The impact of cyber threats on industrial systems has been both dramatic and devastating. High-profile malware and ransomware attacks such as Stuxnet, Eternal Blue, Petya, NotPetya, and WannaCry illustrate this new reality. 

While not all of these cyber threats manage to breach the divide between enterprise IT environments and operational technology (OT) systems, the consequences are uniformly severe—ranging from denial of service to complete operational shutdowns, leading to significant financial losses.

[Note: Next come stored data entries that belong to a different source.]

lemma residual_orthogonal: "w \<in> C \<Longrightarrow> vinner w (v - P *v v) = 0"
  using proj unfolding orth_projector_def by blast

lemma fixes_subspace:
  assumes "w \<in> C"
  shows "P *v w = w"
proof -
  have "w - P *v w \<in> C" using vec.subspace_diff[OF subspace assms range_subset] .
  then have "vinner (w - P *v w) (w - P *v w) = 0" by (rule residual_orthogonal)
  then have "w - P *v w = 0" by (rule vinner_self_eq_0)
  then show ?thesis by simp
qed

lemma vinner_self_adjoint: "vinner u (P *v v) = vinner (P *v u) v"
proof -
  have compress: "vinner (P *v x) y = vinner (P *v x) (P *v y)" for x y
    using residual_orthogonal[OF range_subset, of x y] by (simp add: vinner_diff_right)
  have "vinner u (P *v v) = cnj (vinner (P *v v) u)" by (simp add: vinner_cnj)
  also have "\<dots> = cnj (vinner (P *v v) (P *v u))" using compress[of v u] by simp
  also have "\<dots> = vinner (P *v u) (P *v v)" by (simp add: vinner_cnj)
  also have "\<dots> = vinner (P *v u) v" using compress[of u v] by simp
  finally show ?thesis .
qed

lemma adjm_eq: "adjm P = P"
proof -
  have "P $ i $ j = cnj (P $ j $ i)" for i j
    using vinner_self_adjoint[of "axis i 1" "axis j 1"]
    by (simp add: vinner_axis_left vinner_axis_right matrix_vector_mult_axis)
  then have "adjm P $ i $ j = P $ i $ j" for i j :: 'n by (metis adjm_nth)
  then show ?thesis by (simp add: cvec_eq_iff)
qed

lemma idempotent: "P ** P = P"
proof -
  have "(P ** P) *v axis j 1 = P *v axis j 1" for j
    using fixes_subspace[OF range_subset] by (simp add: matrix_vector_mul_assoc[symmetric])
  then have "(P ** P) $ i $ j = P $ i $ j" for i j :: 'n by (metis matrix_vector_mult_axis)
  then show ?thesis by (simp add: cvec_eq_iff)
qed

These incidents are well-documented, with major corporations facing staggering financial repercussions: pharmaceutical giant Merck suffered an $870 million loss; FedEx reported a $400 million setback; French construction firm Saint-Gobain experienced a $384 million loss; Danish shipping company Maersk took a $300 million hit; snack company Mondelēz faced a $188 million loss; and British manufacturer Reckitt Benckiser reported a $129 million loss. 

These figures are not just abstract numbers but stark reminders of the tangible impact of cyber threats. Beyond commercial losses, critical infrastructure sectors including healthcare, power generation, and gas distribution have also been significantly disrupted globally, underlining the pervasive risk these threats pose to both economic stability and public safety.

The challenges posed by cyber threats to industrial control systems are not only well-documented but are continually evolving, impacting globally recognized brands and critical infrastructure alike. In response, leading authorities on cybersecurity have developed and refined various control frameworks to guide organizations in fortifying their defenses. Noteworthy among these are NIST SP 800-82 for industrial control system security, ENISA's guidelines on Industrial Control System Protection, and the ISO 15745 family of standards focused on integration of networked industrial devices.

 

Recently, the SANS Institute contributed to this body of knowledge with the publication of "The Five ICS Cybersecurity Critical Controls," a set of foundational security measures specifically tailored for the needs of ICS environments. These controls are designed to prioritize actions that significantly reduce risk and enhance response capabilities:

 

Control No. 1: ICS-specific Incident Response Plan

A bespoke incident response strategy that addresses the unique operational and safety challenges posed by ICS environments.

Control No. 2: Defensible Architecture

The creation of a network architecture that inherently limits the spread of breaches and enables effective containment of threats.

Control No. 3: ICS Network Visibility and Monitoring

Implementing tools and practices that provide real-time insights into network activity to detect and respond to potential threats swiftly.

Control No. 4: Secure Remote Access

Establishing secure and controlled remote access solutions to ensure safety and integrity of system operations when accessed from outside the network.

Control No. 5: Risk-based Vulnerability Management Program

A proactive approach to managing vulnerabilities that prioritizes risks based on their potential impact on the ICS environment.

These controls represent a strategic framework to guide organizations in strengthening their cybersecurity posture against a landscape of persistent and evolving threats.

Cyber quantification and managing risk

In addition to the critical controls Cyber Risk Quantification offers a methodology to establish a financial cost for risk scenarios and provides more powerful rationale over qualitative methods for decision makers when investing in controls.

A quantitative approach allows organizations to make informed, data-driven decisions about which cybersecurity controls to implement by providing a clear financial analysis of risk scenarios.

C-Risk cybersecurity and risk management experts use the Open FAIRTM Risk Analysis (O-RA) Standard and the Risk Taxonomy (O-RT) Standard. Using the FAIR framework, it is possible to map quantified risk scenarios to control frameworks to establish meaningful financial thresholds for risk-based decisions on the SANS ICS control domains as well as other control frameworks.